- Opening Delimiter -

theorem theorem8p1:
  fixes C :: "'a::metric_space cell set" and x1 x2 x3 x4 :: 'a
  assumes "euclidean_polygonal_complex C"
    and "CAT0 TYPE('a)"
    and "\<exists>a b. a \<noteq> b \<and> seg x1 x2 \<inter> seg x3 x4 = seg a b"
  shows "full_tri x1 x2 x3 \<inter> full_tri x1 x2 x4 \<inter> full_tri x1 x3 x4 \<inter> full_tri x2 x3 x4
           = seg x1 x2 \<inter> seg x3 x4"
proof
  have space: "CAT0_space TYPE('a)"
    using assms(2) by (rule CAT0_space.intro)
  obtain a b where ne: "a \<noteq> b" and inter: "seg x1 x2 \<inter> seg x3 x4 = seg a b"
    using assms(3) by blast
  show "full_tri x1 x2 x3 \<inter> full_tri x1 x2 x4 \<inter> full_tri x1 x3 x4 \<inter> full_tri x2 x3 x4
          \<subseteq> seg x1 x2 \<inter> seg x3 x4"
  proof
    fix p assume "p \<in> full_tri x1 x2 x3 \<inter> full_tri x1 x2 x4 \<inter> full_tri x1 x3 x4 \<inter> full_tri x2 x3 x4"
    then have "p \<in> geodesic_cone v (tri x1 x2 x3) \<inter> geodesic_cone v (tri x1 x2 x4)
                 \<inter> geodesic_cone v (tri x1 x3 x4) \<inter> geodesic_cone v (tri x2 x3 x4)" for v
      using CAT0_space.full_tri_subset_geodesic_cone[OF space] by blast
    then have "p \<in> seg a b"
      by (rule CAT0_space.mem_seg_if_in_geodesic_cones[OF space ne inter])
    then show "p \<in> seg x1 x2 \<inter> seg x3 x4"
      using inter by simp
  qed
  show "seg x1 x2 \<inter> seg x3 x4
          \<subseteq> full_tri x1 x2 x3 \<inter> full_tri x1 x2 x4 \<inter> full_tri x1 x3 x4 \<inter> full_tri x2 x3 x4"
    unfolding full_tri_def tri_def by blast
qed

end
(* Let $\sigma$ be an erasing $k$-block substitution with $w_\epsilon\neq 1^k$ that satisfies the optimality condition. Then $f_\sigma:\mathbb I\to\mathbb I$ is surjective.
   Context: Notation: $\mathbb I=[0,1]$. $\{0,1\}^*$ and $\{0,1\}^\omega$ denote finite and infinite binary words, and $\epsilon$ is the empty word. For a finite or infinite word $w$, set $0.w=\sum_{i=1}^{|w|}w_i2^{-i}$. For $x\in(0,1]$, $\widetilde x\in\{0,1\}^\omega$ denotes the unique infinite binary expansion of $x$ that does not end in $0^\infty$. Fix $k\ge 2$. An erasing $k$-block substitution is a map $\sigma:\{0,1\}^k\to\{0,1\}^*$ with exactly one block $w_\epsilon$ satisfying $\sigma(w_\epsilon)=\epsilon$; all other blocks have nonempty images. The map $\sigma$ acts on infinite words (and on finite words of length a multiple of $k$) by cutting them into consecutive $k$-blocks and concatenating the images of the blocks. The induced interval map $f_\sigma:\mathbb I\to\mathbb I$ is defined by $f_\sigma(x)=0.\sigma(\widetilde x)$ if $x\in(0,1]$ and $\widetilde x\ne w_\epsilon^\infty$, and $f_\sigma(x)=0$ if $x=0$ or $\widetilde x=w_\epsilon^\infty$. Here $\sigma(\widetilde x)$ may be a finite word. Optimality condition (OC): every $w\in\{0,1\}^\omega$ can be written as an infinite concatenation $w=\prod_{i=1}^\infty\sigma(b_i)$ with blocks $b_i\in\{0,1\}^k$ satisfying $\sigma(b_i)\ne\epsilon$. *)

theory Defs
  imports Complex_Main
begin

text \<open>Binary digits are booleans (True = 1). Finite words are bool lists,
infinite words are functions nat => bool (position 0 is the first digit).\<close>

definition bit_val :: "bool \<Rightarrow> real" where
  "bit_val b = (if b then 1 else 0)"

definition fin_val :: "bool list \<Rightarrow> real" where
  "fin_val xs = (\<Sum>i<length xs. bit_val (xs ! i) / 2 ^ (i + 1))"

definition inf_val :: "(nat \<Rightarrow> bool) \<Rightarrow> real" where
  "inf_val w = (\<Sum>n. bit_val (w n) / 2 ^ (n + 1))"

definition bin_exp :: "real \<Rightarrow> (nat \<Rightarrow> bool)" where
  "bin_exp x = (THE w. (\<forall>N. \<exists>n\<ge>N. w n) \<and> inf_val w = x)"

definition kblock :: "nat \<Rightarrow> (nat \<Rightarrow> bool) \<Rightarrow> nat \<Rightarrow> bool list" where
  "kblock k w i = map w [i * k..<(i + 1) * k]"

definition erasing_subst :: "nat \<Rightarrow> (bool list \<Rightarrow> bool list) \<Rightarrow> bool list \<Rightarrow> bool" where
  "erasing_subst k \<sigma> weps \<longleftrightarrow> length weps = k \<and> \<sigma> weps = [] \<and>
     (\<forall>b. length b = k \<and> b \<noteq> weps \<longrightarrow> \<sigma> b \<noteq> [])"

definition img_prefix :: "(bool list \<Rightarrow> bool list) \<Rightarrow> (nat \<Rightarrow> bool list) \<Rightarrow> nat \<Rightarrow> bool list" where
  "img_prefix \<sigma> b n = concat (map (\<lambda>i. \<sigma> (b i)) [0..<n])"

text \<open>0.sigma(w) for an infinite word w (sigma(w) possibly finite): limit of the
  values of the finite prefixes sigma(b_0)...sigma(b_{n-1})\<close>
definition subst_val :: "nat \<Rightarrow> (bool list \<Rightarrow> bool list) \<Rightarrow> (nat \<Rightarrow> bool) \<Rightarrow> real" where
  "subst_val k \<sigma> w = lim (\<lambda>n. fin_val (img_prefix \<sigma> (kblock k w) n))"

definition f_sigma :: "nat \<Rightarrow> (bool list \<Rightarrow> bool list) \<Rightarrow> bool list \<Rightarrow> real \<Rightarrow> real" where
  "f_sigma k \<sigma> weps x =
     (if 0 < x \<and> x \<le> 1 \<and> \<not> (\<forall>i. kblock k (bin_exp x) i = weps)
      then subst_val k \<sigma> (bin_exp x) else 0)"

- Closing Delimiter -

▸ Exercise objective:
Return only the part of the records above that opens with the line containing "values of the" and closes with the line containing "k \<sigma> weps x", ends included.

▸ Response area:
  values of the finite prefixes sigma(b_0)...sigma(b_{n-1})\<close>
definition subst_val :: "nat \<Rightarrow> (bool list \<Rightarrow> bool list) \<Rightarrow> (nat \<Rightarrow> bool) \<Rightarrow> real" where
  "subst_val k \<sigma> w = lim (\<lambda>n. fin_val (img_prefix \<sigma> (kblock k w) n))"

definition f_sigma :: "nat \<Rightarrow> (bool list \<Rightarrow> bool list) \<Rightarrow> bool list \<Rightarrow> real \<Rightarrow> real" where
  "f_sigma k \<sigma> weps x =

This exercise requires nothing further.